De Bortoli Alessandro, Ohm Ole-Jørgen, Hoff Per Ivar, Sun Li-Zhi, Schuster Peter, Solheim Eivind, Chen Jian
Department of Heart Disease, Haukeland University Hospital, 5021, Bergen, Norway.
J Interv Card Electrophysiol. 2013 Oct;38(1):19-26. doi: 10.1007/s10840-013-9816-4. Epub 2013 Jul 7.
The adjunctive ablation of areas of complex fractionated electrogram (CFE) to pulmonary vein isolation (PVI) is an emerging strategy for patients with non-paroxysmal atrial fibrillation (AF). We studied the long-term outcomes of this approach.
Sixty-six patients (mean age 58 ± 9, 86.4 % male) with non-paroxysmal AF underwent ablation procedures consisting of PVI plus extensive CFE ablation. Post-ablation atrial tachycardia (AT) was also targeted if presented. All patients were followed up regularly on an ambulatory basis by means of ECG and Holter recordings.

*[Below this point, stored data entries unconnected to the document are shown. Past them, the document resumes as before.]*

text \<open>On each piece \<open>C n\<close> of finite measure the measures of the a.e. disjoint sets
  \<open>A i \<inter> C n\<close> are summable, so only countably many of them are nonzero.\<close>
lemma (in sigma_finite_measure) countable_AE_disjoint_family:
  assumes sets: "\<And>i. i \<in> I \<Longrightarrow> A i \<in> sets M" and pos: "\<And>i. i \<in> I \<Longrightarrow> 0 < emeasure M (A i)"
    and disj: "\<And>i j. i \<in> I \<Longrightarrow> j \<in> I \<Longrightarrow> i \<noteq> j \<Longrightarrow> A i \<inter> A j \<in> null_sets M"
  shows "countable I"
proof -
  obtain C :: "nat \<Rightarrow> 'a set"
    where C: "range C \<subseteq> sets M" "(\<Union>n. C n) = space M" "\<And>n. emeasure M (C n) \<noteq> \<infinity>"
    using sigma_finite by metis
  have C_fin: "C n \<in> fmeasurable M" for n
    using C by (auto intro: fmeasurableI simp: top.not_eq_extremum)
  have AC_fin: "A i \<inter> C n \<in> fmeasurable M" if "i \<in> I" for i n
    using sets[OF that] C_fin by (auto intro: fmeasurableI2[OF C_fin])
  define g where "g n i = measure M (A i \<inter> C n)" for n i
  have "countable {i \<in> I. g n i \<noteq> 0}" for n
  proof (intro summable_countable_real nonneg_bdd_above_summable_on bdd_aboveI2)
    fix F assume "F \<in> {F. F \<subseteq> I \<and> finite F}"
    then have F: "F \<subseteq> I" "finite F" by auto
    have "pairwise (\<lambda>i j. AE x in M. x \<notin> A i \<inter> C n \<or> x \<notin> A j \<inter> C n) F"
      using F(1) by (auto simp: pairwise_def dest!: disj intro: AE_mp[OF AE_not_in])
    then have "sum (g n) F = measure M (\<Union>i\<in>F. A i \<inter> C n)"
      unfolding g_def using F AC_fin by (intro measure_UNION_AE[symmetric]) auto
    also have "\<dots> \<le> measure M (C n)"
      using F AC_fin by (intro measure_mono_fmeasurable[OF _ _ C_fin] sets.finite_UN) auto
    finally show "sum (g n) F \<le> measure M (C n)" .
  qed (simp add: g_def)
  moreover have "I \<subseteq> (\<Union>n. {i \<in> I. g n i \<noteq> 0})"
  proof
    fix i assume i: "i \<in> I"
    have "A i = (\<Union>n. A i \<inter> C n)"
      using C(2) sets.sets_into_space[OF sets[OF i]] by blast
    then obtain n where "A i \<inter> C n \<notin> null_sets M"
      using pos[OF i] null_sets_UN[of "\<lambda>n. A i \<inter> C n" M] by force
    then have "g n i \<noteq> 0"
      using AC_fin[OF i, of n] by (auto simp: g_def measure_def fmeasurable_def enn2real_eq_0_iff)
    then show "i \<in> (\<Union>n. {i \<in> I. g n i \<noteq> 0})" using i by blast
  qed
  ultimately show ?thesis
    by (meson countable_UN countable_subset UNIV_I countableI_type)
qed
lemma pm_one_mod_two_part_odd_palindrome_iff:
  fixes p t r u c n d :: int
  assumes det: "p * u - t * r = 1" and n: "n = p * (p * c + 2 * t)"
    and d: "d = r * c * p + u * p + r * t" and "n \<noteq> 0"
  shows "pm_one_mod_two_part n d \<longleftrightarrow> even c"
proof -
  have d_minus: "d - 1 = (p * c + 2 * t) * r" and d_plus: "d + 1 = p * (r * c + 2 * u)"
    using det by (simp_all add: d algebra_simps)
  have t_r_odd: "odd t" "odd r" if "even p"
    using det that by (metis dvd_diff even_mult_iff odd_one)+
  show ?thesis
  proof (cases "even c")
    case True
    then obtain c' where c': "c = 2 * c'" by blast
    have "pm_one_mod_two_part n d"
    proof (cases "even p")
      case True
      have "n = (2 * p) * (p * c' + t)" "d + 1 = (2 * p) * (r * c' + u)"
        using n d_plus c' by (simp_all add: algebra_simps)
      moreover have "odd (p * c' + t)" using True t_r_odd by simp
      ultimately show ?thesis using \<open>n \<noteq> 0\<close> by (intro pm_one_mod_two_partI) auto
    next
      case False
      have "n = (p * c + 2 * t) * p" using n by simp
      moreover have "even n" using n c' by simp
      ultimately show ?thesis using \<open>n \<noteq> 0\<close> False d_minus
        by (intro pm_one_mod_two_partI) auto
    qed
    with True show ?thesis by simp
  next
    case False
    have "\<not> pm_one_mod_two_part n d"
    proof (cases "even p")
      case True
      with False t_r_odd show ?thesis
        by (intro not_pm_one_mod_two_partI[OF n _ _ d_minus d_plus]) auto
    next
      case False
      then have "odd n" using n \<open>odd c\<close> by simp
      then show ?thesis using pm_one_mod_two_part_imp_even by blast
    qed
    with False show ?thesis by simp
  qed
qed
(* Let $\mathbf r=\binom{r_1}{r_2}\in\mathbb Q^2$ and let $a,b,d\in\mathbb Z$ with $0\le b<a$ and $d\ge1$. Then for $\tau\in\mathbb H$, $$\varpi_{\mathbf r}\Big(\frac{a\tau+b}{d}\Big)=\prod_{j=0}^{a-1}\prod_{\ell=0}^{d-1}\varpi_{M^{-1}\binom{j+r_1}{\ell+r_2}}(\tau),\qquad M=\begin{pmatrix}a&b\\0&d\end{pmatrix}.$$
   Context: $e(z)=e^{2\pi iz}$; $\mathbb H$ the upper half plane; $\varpi(z,\tau)=\prod_{k\ge0}(1-e(z+k\tau))$, and for $\mathbf s=\binom{s_1}{s_2}\in\mathbb R^2$, $\varpi_{\mathbf s}(\tau)=\varpi(s_2\tau-s_1,\tau)$. *)

theory Defs
  imports "HOL-Analysis.Analysis"
begin

definition e :: "complex \<Rightarrow> complex" where
  "e z = exp (2 * of_real pi * \<i> * z)"

definition varpi :: "complex \<Rightarrow> complex \<Rightarrow> complex" where
  "varpi z \<tau> = (\<Prod>k. 1 - e (z + of_nat k * \<tau>))"

definition varpi_s :: "real^2 \<Rightarrow> complex \<Rightarrow> complex" where
  "varpi_s s \<tau> = varpi (of_real (s $ 2) * \<tau> - of_real (s $ 1)) \<tau>"

definition matM :: "int \<Rightarrow> int \<Rightarrow> int \<Rightarrow> real^2^2" where
  "matM a b d = vector [vector [of_int a, of_int b], vector [0, of_int d]]"

end

theory Submission imports Defs "HOL-Computational_Algebra.Polynomial" begin

text \<open>Put \<open>\<tau>' = (a\<tau> + b)/d\<close> and \<open>z\<^sub>j\<^sub>l = ((l + y)/d)\<tau> - ((j + x)/a - b(l + y)/(ad))\<close>.
  For \<open>k = l + md\<close> and \<open>w = z\<^sub>0\<^sub>l + m\<tau>\<close>, the number \<open>aw\<close> differs from \<open>y\<tau>' - x + k\<tau>'\<close> by the
  integer \<open>mb\<close>, and \<open>z\<^sub>j\<^sub>l = z\<^sub>0\<^sub>l - j/a\<close>; so factoring \<open>1 - Y\<^sup>a\<close> over the \<open>a\<close>-th roots of unity turns the
  \<open>k\<close>-th factor of \<open>\<varpi>(y\<tau>' - x, \<tau>')\<close> into \<open>\<Prod>\<^bsub>j<a\<^esub> (1 - e(z\<^sub>j\<^sub>l + m\<tau>))\<close>. Hence the first \<open>Nd\<close>
  factors of the left side are the first \<open>N\<close> factors of all the \<open>\<varpi>(z\<^sub>j\<^sub>l, \<tau>)\<close>; let \<open>N \<rightarrow> \<infinity>\<close>.\<close>

lemma e_add: "e (x + y) = e x * e y"
  by (simp add: e_def distrib_left exp_add)

lemma e_of_int: "e (of_int n) = 1"
  unfolding e_def using exp_integer_2pi[of "of_int n"] by (simp add: mult_ac)

lemma e_add_of_int: "e (z + of_int n) = e z"
  by (simp add: e_add e_of_int)

lemma e_of_nat_mult: "e (of_nat n * z) = e z ^ n"
  unfolding e_def by (simp add: exp_of_nat_mult[symmetric] mult_ac)

lemma e_of_real: "e (of_real x) = cis (2 * pi * x)"
  by (simp add: e_def cis_conv_exp mult_ac)

lemma e_diff_of_real: "e (z - of_real t) = e z * cis (- 2 * pi * t)"
  using e_add[of z "of_real (- t)"] e_of_real[of "- t"] by simp

lemma norm_e: "norm (e z) = exp (- 2 * pi * Im z)"
  unfolding e_def by simp

lemma prod_one_minus_mult_roots_unity:
  assumes "n > 0"
  shows "(\<Prod>j<n. 1 - y * cis (- 2 * pi * real j / real n)) = 1 - y ^ n"
proof -
  define p where "p = (\<Prod>j<n. [:1, - cis (- 2 * pi * real j / real n):])"
  define q :: "complex poly" where "q = 1 - monom 1 n"
  define A where "A = insert 0 {z::complex. z ^ n = 1}"
  have poly_p: "poly p x = (\<Prod>j<n. 1 - x * cis (- 2 * pi * real j / real n))" for x
    by (simp add: p_def poly_prod mult_ac)
  have poly_q: "poly q x = 1 - x ^ n" for x
    by (simp add: q_def poly_monom)
  have card_A: "card A = Suc n"
    using assms unfolding A_def
    by (subst card_insert_disjoint) (auto simp: finite_roots_unity card_roots_unity_eq power_0_left)
  have "degree p \<le> (\<Sum>j<n. (degree \<circ> (\<lambda>j. [:1, - cis (- 2 * pi * real j / real n):])) j)"
    unfolding p_def by (rule degree_prod_sum_le) simp
  also have "\<dots> \<le> (\<Sum>j<n. 1)"
    by (intro sum_mono) auto
  finally have degree_p: "degree p \<le> n"
    by simp
  have degree_q: "degree q \<le> n"
    unfolding q_def by (metis degree_diff_le degree_monom_le degree_1 le0)
  have "poly p x = poly q x" if "x \<in> A" for x
  proof (cases "x = 0")
    case False
    with that have root: "x ^ n = 1"
      by (auto simp: A_def)
    then obtain k where k: "k < n" "x = cis (2 * pi * real k / real n)"
      using Complex.bij_betw_roots_unity[OF assms] unfolding bij_betw_def by auto
    then have "x * cis (- 2 * pi * real k / real n) = 1"
      by (simp add: cis_mult)
    with k have "poly p x = 0"
      unfolding poly_p by (intro prod_zero bexI[of _ k]) auto
    with root show ?thesis
      by (simp add: poly_q)
  qed (use assms in \<open>simp add: poly_p poly_q\<close>)
  then have "p = q"
    using card_A degree_p degree_q by (intro poly_eqI_degree[of A]) auto
  then show ?thesis
    using poly_p poly_q by metis
qed

lemma prod_one_minus_e_shifts:
  assumes "n > 0"
  shows "(\<Prod>j<n. 1 - e (w - of_real (real j / real n))) = 1 - e (of_nat n * w)"
  using prod_one_minus_mult_roots_unity[OF assms, of "e w"]
  by (simp only: e_diff_of_real e_of_nat_mult) (simp add: mult_ac)

lemma prod_lessThan_mult_split:
  fixes f :: "nat \<Rightarrow> 'a::comm_monoid_mult"
  shows "(\<Prod>l<d. \<Prod>m<N. f (l + m * d)) = (\<Prod>k<N * d. f k)"
proof (induction N)
  case 0
  then show ?case by simp
next
  case (Suc N)
  have "(\<Prod>k<Suc N * d. f k) = (\<Prod>k\<in>{0..<N * d}. f k) * (\<Prod>k\<in>{N * d..<N * d + d}. f k)"
    by (subst prod.atLeastLessThan_concat) (auto simp: add.commute atLeast0LessThan)
  also have "(\<Prod>k\<in>{N * d..<N * d + d}. f k) = (\<Prod>l\<in>{0..<d}. f (l + N * d))"
    using prod.shift_bounds_nat_ivl[of f 0 "N * d" d] by (simp add: add.commute)
  finally show ?case
    using Suc.IH by (simp add: prod.distrib atLeast0LessThan mult.commute)
qed

lemma varpi_partial_products_tendsto:
  assumes "Im \<tau> > 0"
  shows "(\<lambda>n. \<Prod>k<n. 1 - e (z + of_nat k * \<tau>)) \<longlonglongrightarrow> varpi z \<tau>"
proof -
  define f where "f k = 1 - e (z + of_nat k * \<tau>)" for k :: nat
  have "norm (f k - 1) = exp (- 2 * pi * Im z) * exp (- 2 * pi * Im \<tau>) ^ k" for k
    by (simp add: f_def norm_e exp_of_nat_mult[symmetric] algebra_simps exp_add[symmetric])
  moreover have "summable (\<lambda>k. exp (- 2 * pi * Im z) * exp (- 2 * pi * Im \<tau>) ^ k)"
    using assms by (intro summable_mult summable_geometric) auto
  ultimately have "convergent_prod f"
    by (simp add: summable_imp_abs_convergent_prod abs_convergent_prod_imp_convergent_prod)
  then have "(\<lambda>n. \<Prod>k<Suc n. f k) \<longlonglongrightarrow> prodinf f"
    by (simp add: convergent_prod_LIMSEQ lessThan_Suc_atMost)
  then show ?thesis
    unfolding f_def varpi_def by (rule filterlim_sequentially_Suc[THEN iffD1])
qed

lemma one_minus_e_transformed_factor:
  fixes a d :: nat and b :: int and x y :: real and \<tau> :: complex
  assumes "a > 0" "d > 0"
  defines "\<tau>' \<equiv> (of_nat a * \<tau> + of_int b) / of_nat d"
  shows "1 - e (of_real y * \<tau>' - of_real x + of_nat (l + m * d) * \<tau>') =
    (\<Prod>j<a. 1 - e (of_real ((real l + y) / real d) * \<tau>
      - of_real ((real j + x) / real a - of_int b * (real l + y) / (real a * real d))
      + of_nat m * \<tau>))"
proof -
  define w where "w = of_real ((real l + y) / real d) * \<tau>
      - of_real (x / real a - of_int b * (real l + y) / (real a * real d)) + of_nat m * \<tau>"
  have "of_nat a * w + of_int (int m * b) = of_real y * \<tau>' - of_real x + of_nat (l + m * d) * \<tau>'"
    using assms by (simp add: w_def \<tau>'_def field_simps)
  then have "e (of_nat a * w) = e (of_real y * \<tau>' - of_real x + of_nat (l + m * d) * \<tau>')"
    by (metis e_add_of_int)
  moreover have "of_real ((real l + y) / real d) * \<tau>
      - of_real ((real j + x) / real a - of_int b * (real l + y) / (real a * real d))
      + of_nat m * \<tau> = w - of_real (real j / real a)" for j
    using assms by (simp add: w_def field_simps)
  ultimately show ?thesis
    using prod_one_minus_e_shifts[OF \<open>a > 0\<close>, of w] by simp
qed

lemma varpi_transform_eq_prod:
  fixes a d :: nat and b :: int and x y :: real and \<tau> :: complex
  assumes "a > 0" "d > 0" "Im \<tau> > 0"
  defines "\<tau>' \<equiv> (of_nat a * \<tau> + of_int b) / of_nat d"
  shows "varpi (of_real y * \<tau>' - of_real x) \<tau>' =
    (\<Prod>j<a. \<Prod>l<d. varpi (of_real ((real l + y) / real d) * \<tau>
      - of_real ((real j + x) / real a - of_int b * (real l + y) / (real a * real d))) \<tau>)"
proof -
  define z where "z j l = of_real ((real l + y) / real d) * \<tau>
      - of_real ((real j + x) / real a - of_int b * (real l + y) / (real a * real d))" for j l :: nat
  define f where "f k = 1 - e (of_real y * \<tau>' - of_real x + of_nat k * \<tau>')" for k :: nat
  have "Im \<tau>' > 0"
    using assms by (simp add: \<tau>'_def Im_divide_of_real[of _ "of_nat d", simplified])
  then have "(\<lambda>N. \<Prod>k<N. f k) \<longlonglongrightarrow> varpi (of_real y * \<tau>' - of_real x) \<tau>'"
    unfolding f_def by (rule varpi_partial_products_tendsto)
  moreover have "strict_mono (\<lambda>N. N * d)"
    using assms by (intro strict_monoI) auto
  ultimately have lim_lhs: "(\<lambda>N. \<Prod>k<N * d. f k) \<longlonglongrightarrow> varpi (of_real y * \<tau>' - of_real x) \<tau>'"
    using LIMSEQ_subseq_LIMSEQ unfolding o_def by blast
  have "(\<Prod>j<a. \<Prod>l<d. \<Prod>m<N. 1 - e (z j l + of_nat m * \<tau>)) = (\<Prod>k<N * d. f k)" for N
  proof -
    have "(\<Prod>j<a. \<Prod>l<d. \<Prod>m<N. 1 - e (z j l + of_nat m * \<tau>))
        = (\<Prod>l<d. \<Prod>m<N. \<Prod>j<a. 1 - e (z j l + of_nat m * \<tau>))"
      by (subst prod.swap) (intro prod.cong refl prod.swap)
    also have "\<dots> = (\<Prod>l<d. \<Prod>m<N. f (l + m * d))"
      using one_minus_e_transformed_factor[OF \<open>a > 0\<close> \<open>d > 0\<close>]
      by (simp add: f_def z_def \<tau>'_def)
    also have "\<dots> = (\<Prod>k<N * d. f k)"
      by (rule prod_lessThan_mult_split)
    finally show ?thesis .
  qed
  with lim_lhs have "(\<lambda>N. \<Prod>j<a. \<Prod>l<d. \<Prod>m<N. 1 - e (z j l + of_nat m * \<tau>))
      \<longlonglongrightarrow> varpi (of_real y * \<tau>' - of_real x) \<tau>'"
    by simp
  moreover have "(\<lambda>N. \<Prod>j<a. \<Prod>l<d. \<Prod>m<N. 1 - e (z j l + of_nat m * \<tau>))
      \<longlonglongrightarrow> (\<Prod>j<a. \<Prod>l<d. varpi (z j l) \<tau>)"
    using assms by (intro tendsto_prod varpi_partial_products_tendsto)
  ultimately show ?thesis
    unfolding z_def by (rule LIMSEQ_unique)
qed

lemma matrix_inv_matM:
  assumes "a \<noteq> 0" "d \<noteq> 0"
  shows "matrix_inv (matM a b d) =
    vector [vector [1 / of_int a, - of_int b / (of_int a * of_int d)], vector [0, 1 / of_int d]]"
    (is "_ = ?B")
proof -
  have right_inv: "matM a b d ** ?B = mat 1" and left_inv: "?B ** matM a b d = mat 1"
    using assms
    by (auto simp: vec_eq_iff matrix_matrix_mult_def forall_2 sum_2 matM_def mat_def field_simps)
  show ?thesis
    unfolding matrix_inv_def
  proof (rule some_equality)
    fix C
    assume "matM a b d ** C = mat 1 \<and> C ** matM a b d = mat 1"
    then have "?B ** (matM a b d ** C) = ?B"
      by (simp add: matrix_mul_rid)
    then show "C = ?B"
      using left_inv by (simp add: matrix_mul_assoc matrix_mul_lid)
  qed (use right_inv left_inv in blast)
qed

lemma varpi_s_matrix_inv_matM:
  assumes "a \<noteq> 0" "d \<noteq> 0"
  shows "varpi_s (matrix_inv (matM a b d) *v vector [x, y]) \<tau> =
    varpi (of_real (y / of_int d) * \<tau> - of_real (x / of_int a - of_int b * y / (of_int a * of_int d))) \<tau>"
  using assms by (simp add: varpi_s_def matrix_inv_matM matrix_vector_mult_def sum_2 field_simps)

lemma varpi_s_matM_transform:
  fixes a b d :: int and x y :: real and \<tau> :: complex
  assumes "a > 0" "d > 0" "Im \<tau> > 0"
  shows "varpi_s (vector [x, y]) ((of_int a * \<tau> + of_int b) / of_int d) =
    (\<Prod>j<nat a. \<Prod>l<nat d. varpi_s (matrix_inv (matM a b d) *v vector [real j + x, real l + y]) \<tau>)"
proof -
  define A D where "A = nat a" and "D = nat d"
  have a: "a = int A" and d: "d = int D" and "A > 0" "D > 0"
    using assms by (auto simp: A_def D_def)
  define \<tau>' where "\<tau>' = (of_nat A * \<tau> + of_int b) / of_nat D"
  have "varpi_s (vector [x, y]) \<tau>' = varpi (of_real y * \<tau>' - of_real x) \<tau>'"
    by (simp add: varpi_s_def)
  also have "\<dots> = (\<Prod>j<A. \<Prod>l<D. varpi (of_real ((real l + y) / real D) * \<tau>
      - of_real ((real j + x) / real A - of_int b * (real l + y) / (real A * real D))) \<tau>)"
    unfolding \<tau>'_def using \<open>A > 0\<close> \<open>D > 0\<close> \<open>Im \<tau> > 0\<close> by (rule varpi_transform_eq_prod)
  also have "\<dots> = (\<Prod>j<A. \<Prod>l<D. varpi_s (matrix_inv (matM a b d) *v vector [real j + x, real l + y]) \<tau>)"
    using \<open>A > 0\<close> \<open>D > 0\<close> by (simp add: varpi_s_matrix_inv_matM a d)
  finally show ?thesis
    by (simp add: \<tau>'_def a d)
qed

theorem proposition4p45:
  fixes r1 r2 :: rat and a b d :: int and \<tau> :: complex
  assumes "0 \<le> b" and "b < a" and "d \<ge> 1" and "Im \<tau> > 0"
  shows "varpi_s (vector [of_rat r1, of_rat r2]) ((of_int a * \<tau> + of_int b) / of_int d) =
    (\<Prod>j<nat a. \<Prod>l<nat d.
       varpi_s (matrix_inv (matM a b d) *v vector [real j + of_rat r1, real l + of_rat r2]) \<tau>)"
  using assms by (intro varpi_s_matM_transform) auto

end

After a mean follow-up period of 40 ± 14 months and 1.7 ± 0.7 procedures, 38 patients (57.6 %) were free of arrhythmias, 15 (22.7 %) displayed clinical improvement and 13 (19.7 %) suffered recurrences of persistent AF/AT. Females displayed poorer long-term outcomes than males (arrhythmia-free 22.2 vs. 63.2 %, p < 0.05). Multivariate analysis demonstrated that long duration of uninterrupted AF prior to the procedure was an additional predictor of long-term failure (odds ratio 1.49, p < 0.01). ROC analysis (area under curve 0.80; p < 0.001) estimated 3.5 years as the optimal cut-off point for predicting long-term failure (sensitivity 85 %, specificity 74 %). The cumulative data showed a significantly higher percentage of arrhythmia-free patients when the duration of AF had been ≤ 2 years (69.7 %) and ≤ 4 years (68.9 %) than when it was > 4 years (33.3 %; p < 0.01).
PVI + CFE ablation in non-paroxysmal AF appears to provide a reasonable proportion of arrhythmia-free patients during long-term follow-up. Poorer long-term results can be expected among female patients and those with an uninterrupted AF duration of > 4 years.
对于非阵发性心房颤动(AF)患者,在肺静脉隔离(PVI)基础上辅助消融复杂碎裂电图(CFE)区域是一种新兴策略。我们研究了该方法的长期疗效。
66例非阵发性AF患者(平均年龄58±9岁,男性占86.4%)接受了包括PVI加广泛CFE消融的消融手术。若出现消融后房性心动过速(AT)也进行靶向治疗。所有患者通过心电图和动态心电图记录进行定期门诊随访。
平均随访40±14个月,进行了1.7±0.7次手术,38例患者(57.6%)无心律失常,15例(22.7%)临床症状改善,13例(19.7%)持续性AF/AT复发。女性患者的长期疗效比男性差(无心律失常分别为22.2%和63.2%,p<0.05)。多因素分析表明,手术前AF持续时间长是长期失败的另一个预测因素(比值比1.49,p<0.01)。ROC分析(曲线下面积为0.80;p<0.001)估计3.5年为预测长期失败的最佳切点(敏感性85%,特异性74%)。累积数据显示,AF持续时间≤2年(69.7%)和≤4年(68.9%)时无心律失常患者的比例显著高于AF持续时间>4年时(33.3%;p<0.01)。
非阵发性AF患者行PVI+CFE消融在长期随访中似乎能使相当比例的患者无心律失常。女性患者以及AF持续时间>4年的患者长期疗效可能较差。